### Given data

(* Let $P$ be a finite poset, $n\in\mathbb Z$ and $\xi\in\mathbb Z^{P^-}$. Then $T^\xi\in\omega^{(n)}$ if and only if $\xi\in S^{(n)}$. In particular $\omega^{(n)}=\bigoplus_{\xi\in S^{(n)}}\mathbb K T^\xi$.
   Context: $P^-=P\cup\{-\infty\}$ with $-\infty<z$ for all $z\in P$. For a function $\xi$ and finite $B$ in its domain, $\xi^+(B)=\sum_{b\in B}\xi(b)$. $\mathcal C(P)=\{f\in\mathbb R^P: f\ge0,\ f^+(C)\le1$ for every chain $C\}$ (chain polytope). For $f\in\mathbb Z^{P^-}$, $T^f=\prod_{x\in P^-}T_x^{f(x)}$ (Laurent monomial in indeterminates $T_x$), $\deg T^f=f(-\infty)$. For $n\in\mathbb Z$, $S^{(n)}=\{\xi\in\mathbb Z^{P^-}:\xi(x)\ge n\ \forall x\in P,\ \xi(-\infty)\ge\xi^+(C)+n$ for every maximal chain $C$ of $P\}$. $R=\mathbb K[\mathcal C(P)]=\bigoplus_{\xi\in S^{(0)}}\mathbb K T^\xi$ is the Ehrhart ring of $\mathcal C(P)$ over a field $\mathbb K$ and $\omega=\bigoplus_{\xi\in S^{(1)}}\mathbb KT^\xi$ its canonical ideal. $\omega^{(n)}$ is the $n$-th power of $\omega$ in the group of divisorial fractional ideals of $R$ (product $I\cdot J=R:_{Q(R)}(R:_{Q(R)}IJ)$); $\omega^{(0)}=R$, $\omega^{(-1)}=R:_{Q(R)}\omega$. *)

theory Defs
  imports "HOL-Library.Poly_Mapping" "HOL-Library.Option_ord"
          "HOL-Computational_Algebra.Fraction_Field"
begin

text \<open>The linear order on the ambient type 'a is only used
 to give the Laurent polynomial ring its integral-domain instance; it plays no
 role in the mathematics. P^- is modelled as None (= -infinity) plus Some ` P.\<close>

definition Pminus :: "'a set \<Rightarrow> 'a option set" where
  "Pminus P = insert None (Some ` P)"

definition is_chain :: "'a set \<Rightarrow> 'a rel \<Rightarrow> 'a set \<Rightarrow> bool" where
  "is_chain P r C \<longleftrightarrow> C \<subseteq> P \<and> (\<forall>x\<in>C. \<forall>y\<in>C. (x,y) \<in> r \<or> (y,x) \<in> r)"

definition is_max_chain :: "'a set \<Rightarrow> 'a rel \<Rightarrow> 'a set \<Rightarrow> bool" where
  "is_max_chain P r C \<longleftrightarrow> is_chain P r C \<and> (\<forall>D. is_chain P r D \<and> C \<subseteq> D \<longrightarrow> D = C)"

definition Sset :: "'a set \<Rightarrow> 'a rel \<Rightarrow> int \<Rightarrow> ('a option \<Rightarrow>\<^sub>0 int) set" where
  "Sset P r n = {\<xi>. Poly_Mapping.keys \<xi> \<subseteq> Pminus P \<and> (\<forall>x\<in>P. Poly_Mapping.lookup \<xi> (Some x) \<ge> n) \<and>
      (\<forall>C. is_max_chain P r C \<longrightarrow> Poly_Mapping.lookup \<xi> None \<ge> (\<Sum>x\<in>C. Poly_Mapping.lookup \<xi> (Some x)) + n)}"

text \<open>Laurent polynomials over the field 'k in the indeterminates T_x, x in P^-.\<close>
type_synonym ('a, 'k) laurent = "('a option \<Rightarrow>\<^sub>0 int) \<Rightarrow>\<^sub>0 'k"

definition Tmon :: "('a option \<Rightarrow>\<^sub>0 int) \<Rightarrow> ('a, 'k::field) laurent" where
  "Tmon \<xi> = Poly_Mapping.single \<xi> 1"

definition mon_span :: "'a set \<Rightarrow> 'a rel \<Rightarrow> int \<Rightarrow> ('a, 'k::field) laurent set" where
  "mon_span P r n = {f. Poly_Mapping.keys f \<subseteq> Sset P r n}"

definition emb :: "('a::linorder, 'k::field) laurent \<Rightarrow> ('a, 'k) laurent fract" where
  "emb f = Fract f 1"

definition ehrhart_ring :: "'a::linorder set \<Rightarrow> 'a rel \<Rightarrow> ('a, 'k::field) laurent fract set" where
  "ehrhart_ring P r = emb ` mon_span P r 0"

definition canonical_ideal :: "'a::linorder set \<Rightarrow> 'a rel \<Rightarrow> ('a, 'k::field) laurent fract set" where
  "canonical_ideal P r = emb ` mon_span P r 1"

definition quot_field :: "'f::field set \<Rightarrow> 'f set" where
  "quot_field R = {a / b | a b. a \<in> R \<and> b \<in> R \<and> b \<noteq> 0}"

definition colon :: "'f::field set \<Rightarrow> 'f set \<Rightarrow> 'f set" where
  "colon R I = {q \<in> quot_field R. \<forall>x\<in>I. q * x \<in> R}"

definition ideal_prod :: "'f::field set \<Rightarrow> 'f set \<Rightarrow> 'f set \<Rightarrow> 'f set" where
  "ideal_prod R I J = \<Inter>{M. 0 \<in> M \<and> {x * y | x y. x \<in> I \<and> y \<in> J} \<subseteq> M \<and>
      (\<forall>a\<in>M. \<forall>b\<in>M. a + b \<in> M) \<and> (\<forall>c\<in>R. \<forall>a\<in>M. c * a \<in> M)}"

text \<open>Product in the group of divisorial fractional ideals.\<close>
definition div_prod :: "'f::field set \<Rightarrow> 'f set \<Rightarrow> 'f set \<Rightarrow> 'f set" where
  "div_prod R I J = colon R (colon R (ideal_prod R I J))"

primrec div_pow_nat :: "'f::field set \<Rightarrow> 'f set \<Rightarrow> nat \<Rightarrow> 'f set" where
  "div_pow_nat R I 0 = R"
| "div_pow_nat R I (Suc k) = div_prod R I (div_pow_nat R I k)"

text \<open>n-th power in the divisorial group; the inverse of I is R : I.\<close>
definition div_pow :: "'f::field set \<Rightarrow> 'f set \<Rightarrow> int \<Rightarrow> 'f set" where
  "div_pow R I n = (if n \<ge> 0 then div_pow_nat R I (nat n) else div_pow_nat R (colon R I) (nat (- n)))"

definition omega_pow :: "'a::linorder set \<Rightarrow> 'a rel \<Rightarrow> int \<Rightarrow> ('a, 'k::field) laurent fract set" where
  "omega_pow P r n = div_pow (ehrhart_ring P r) (canonical_ideal P r) n"

end

theory Submission imports Defs begin

text \<open>Let E(n) be the span of the monomials T^\<xi> with \<xi> in S(n), so that R = E(0) and
  \<omega> = E(1). Since S(a) + S(b) \<subseteq> S(a + b), we have E(a) E(b) \<subseteq> E(a + b). Conversely, if
  \<zeta> + S(a) \<subseteq> S(c) then \<zeta> \<in> S(c - a): test \<zeta> against a constant vector of S(a) and, for
  each maximal chain C, against a vector of S(a) whose chain inequality is an equality at C.
  As monomials are units of the Laurent ring, this gives R : E(a) = E(-a) and
  R : E(a) E(b) = E(-a-b), so the divisorial product of E(a) and E(b) is E(a + b), and
  \<omega>^(n) = E(n).\<close>

lemma finite_Pminus: "finite P \<Longrightarrow> finite (Pminus P)"
  by (simp add: Pminus_def)

lemma max_chain_subset: "is_max_chain P r C \<Longrightarrow> C \<subseteq> P"
  by (simp add: is_max_chain_def is_chain_def)

lemma Sset_add:
  assumes "\<xi> \<in> Sset P r a" "\<eta> \<in> Sset P r b"
  shows "\<xi> + \<eta> \<in> Sset P r (a + b)"
proof -
  have "Poly_Mapping.keys (\<xi> + \<eta>) \<subseteq> Pminus P"
    using keys_add[of \<xi> \<eta>] assms by (auto simp: Sset_def)
  moreover have "\<forall>x\<in>P. Poly_Mapping.lookup (\<xi> + \<eta>) (Some x) \<ge> a + b"
    using assms by (simp add: Sset_def lookup_add add_mono)
  moreover have "Poly_Mapping.lookup (\<xi> + \<eta>) None \<ge> (\<Sum>x\<in>C. Poly_Mapping.lookup (\<xi> + \<eta>) (Some x)) + (a + b)"
    if "is_max_chain P r C" for C
    using assms that by (fastforce simp: Sset_def lookup_add sum.distrib)
  ultimately show ?thesis
    unfolding Sset_def by blast
qed

lemma Sset_antimono: "b \<le> a \<Longrightarrow> Sset P r a \<subseteq> Sset P r b"
  unfolding Sset_def by force

definition exponent_vec :: "'a set \<Rightarrow> int \<Rightarrow> ('a \<Rightarrow> int) \<Rightarrow> ('a option \<Rightarrow>\<^sub>0 int)" where
  "exponent_vec P N g =
     Abs_poly_mapping (\<lambda>z. case z of None \<Rightarrow> N | Some y \<Rightarrow> if y \<in> P then g y else 0)"

lemma lookup_exponent_vec:
  assumes "finite P"
  shows "Poly_Mapping.lookup (exponent_vec P N g) None = N"
    and "y \<in> P \<Longrightarrow> Poly_Mapping.lookup (exponent_vec P N g) (Some y) = g y"
    and "Poly_Mapping.keys (exponent_vec P N g) \<subseteq> Pminus P"
proof -
  let ?f = "\<lambda>z. case z of None \<Rightarrow> N | Some y \<Rightarrow> if y \<in> P then g y else 0"
  have supp: "{z. ?f z \<noteq> 0} \<subseteq> Pminus P"
  proof
    fix z assume "z \<in> {z. ?f z \<noteq> 0}"
    thus "z \<in> Pminus P" by (cases z) (auto simp: Pminus_def split: if_splits)
  qed
  hence "finite {z. ?f z \<noteq> 0}"
    using finite_Pminus[OF assms] finite_subset by blast
  hence lookup: "Poly_Mapping.lookup (exponent_vec P N g) = ?f"
    by (simp add: exponent_vec_def)
  show "Poly_Mapping.lookup (exponent_vec P N g) None = N"
    and "y \<in> P \<Longrightarrow> Poly_Mapping.lookup (exponent_vec P N g) (Some y) = g y"
    by (simp_all add: lookup)
  show "Poly_Mapping.keys (exponent_vec P N g) \<subseteq> Pminus P"
    using supp by (simp add: lookup keys.rep_eq)
qed

lemma constant_exponent_vec_in_Sset:
  assumes "finite P" "s \<ge> a" "N \<ge> \<bar>s\<bar> * int (card P) + a"
  shows "exponent_vec P N (\<lambda>_. s) \<in> Sset P r a"
proof -
  have "(\<Sum>x\<in>C. Poly_Mapping.lookup (exponent_vec P N (\<lambda>_. s)) (Some x)) + a \<le> N"
    if C: "is_max_chain P r C" for C
  proof -
    have CP: "C \<subseteq> P" using max_chain_subset[OF C] .
    have "(\<Sum>x\<in>C. Poly_Mapping.lookup (exponent_vec P N (\<lambda>_. s)) (Some x)) = s * int (card C)"
      using CP by (simp add: lookup_exponent_vec[OF assms(1)] subset_iff)
    also have "\<dots> \<le> \<bar>s\<bar> * int (card C)"
      by (simp add: mult_right_mono)
    also have "\<dots> \<le> \<bar>s\<bar> * int (card P)"
      using card_mono[OF assms(1) CP] by (simp add: mult_left_mono)
    finally show ?thesis using assms(3) by linarith
  qed
  thus ?thesis
    using assms by (simp add: Sset_def lookup_exponent_vec)
qed

text \<open>The value \<open>a\<close> on \<open>P\<close>, raised by \<open>\<bar>a\<bar> |P|\<close> on \<open>C\<close>: the raise outweighs any
  difference in the sizes of two maximal chains, while every maximal chain other than
  \<open>C\<close> misses a point of \<open>C\<close>.\<close>

definition chain_witness :: "'a set \<Rightarrow> 'a set \<Rightarrow> int \<Rightarrow> ('a option \<Rightarrow>\<^sub>0 int)" where
  "chain_witness P C a = exponent_vec P ((a + \<bar>a\<bar> * int (card P)) * int (card C) + a)
      (\<lambda>y. if y \<in> C then a + \<bar>a\<bar> * int (card P) else a)"

lemma sum_chain_witness:
  assumes "finite P" "D \<subseteq> P"
  shows "(\<Sum>x\<in>D. Poly_Mapping.lookup (chain_witness P C a) (Some x))
     = a * int (card D) + \<bar>a\<bar> * int (card P) * int (card (D \<inter> C))"
proof -
  let ?t = "\<bar>a\<bar> * int (card P)"
  have "(\<Sum>x\<in>D. Poly_Mapping.lookup (chain_witness P C a) (Some x)) = (\<Sum>x\<in>D. a + (if x \<in> C then ?t else 0))"
    using assms(2) by (intro sum.cong) (auto simp: chain_witness_def lookup_exponent_vec[OF assms(1)])
  also have "\<dots> = a * int (card D) + ?t * int (card (D \<inter> C))"
    using finite_subset[OF assms(2,1)] by (simp add: sum.distrib sum.If_cases Int_def)
  finally show ?thesis .
qed

lemma chain_witness_tight:
  assumes "finite P" "is_max_chain P r C"
  shows "Poly_Mapping.lookup (chain_witness P C a) None
       = (\<Sum>x\<in>C. Poly_Mapping.lookup (chain_witness P C a) (Some x)) + a"
  using sum_chain_witness[OF assms(1) max_chain_subset[OF assms(2)], of C a]
  by (simp add: chain_witness_def lookup_exponent_vec[OF assms(1)] algebra_simps)

lemma chain_witness_in_Sset:
  assumes fin: "finite P" and C: "is_max_chain P r C"
  shows "chain_witness P C a \<in> Sset P r a"
proof -
  let ?t = "\<bar>a\<bar> * int (card P)"
  have CP: "C \<subseteq> P" using max_chain_subset[OF C] .
  have chain_ineq: "a * int (card D) + ?t * int (card (D \<inter> C)) \<le> (a + ?t) * int (card C)"
    if D: "is_max_chain P r D" for D
  proof (cases "C \<subseteq> D")
    case True
    hence "D = C" using C D unfolding is_max_chain_def by blast
    thus ?thesis by (simp add: algebra_simps)
  next
    case False
    hence "card (D \<inter> C) < card C"
      using finite_subset[OF CP fin] by (intro psubset_card_mono) auto
    hence "?t * int (card (D \<inter> C)) \<le> ?t * (int (card C) - 1)"
      by (intro mult_left_mono) auto
    moreover have "a * (int (card D) - int (card C)) \<le> ?t"
    proof -
      have "a * (int (card D) - int (card C)) \<le> \<bar>a\<bar> * \<bar>int (card D) - int (card C)\<bar>"
        by (metis abs_ge_self abs_mult)
      also have "\<dots> \<le> ?t"
        using card_mono[OF fin CP] card_mono[OF fin max_chain_subset[OF D]]
        by (intro mult_left_mono) auto
      finally show ?thesis .
    qed
    ultimately show ?thesis by (simp add: algebra_simps)
  qed
  have "(\<Sum>x\<in>D. Poly_Mapping.lookup (chain_witness P C a) (Some x)) + a
      \<le> Poly_Mapping.lookup (chain_witness P C a) None" if D: "is_max_chain P r D" for D
    using chain_ineq[OF D] sum_chain_witness[OF fin max_chain_subset[OF D], of C a]
    by (simp add: chain_witness_def lookup_exponent_vec[OF fin])
  moreover have "Poly_Mapping.lookup (chain_witness P C a) (Some x) \<ge> a" if "x \<in> P" for x
    using that by (simp add: chain_witness_def lookup_exponent_vec[OF fin])
  ultimately show ?thesis
    using lookup_exponent_vec(3)[OF fin] by (simp add: Sset_def chain_witness_def)
qed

######

* _Task prompt_
Reproduce all lines from the records above that include the word "monomials".

* _Task result_
text \<open>Let E(n) be the span of the monomials T^\<xi> with \<xi> in S(n), so that R = E(0) and
  As monomials are units of the Laurent ring, this gives R : E(a) = E(-a) and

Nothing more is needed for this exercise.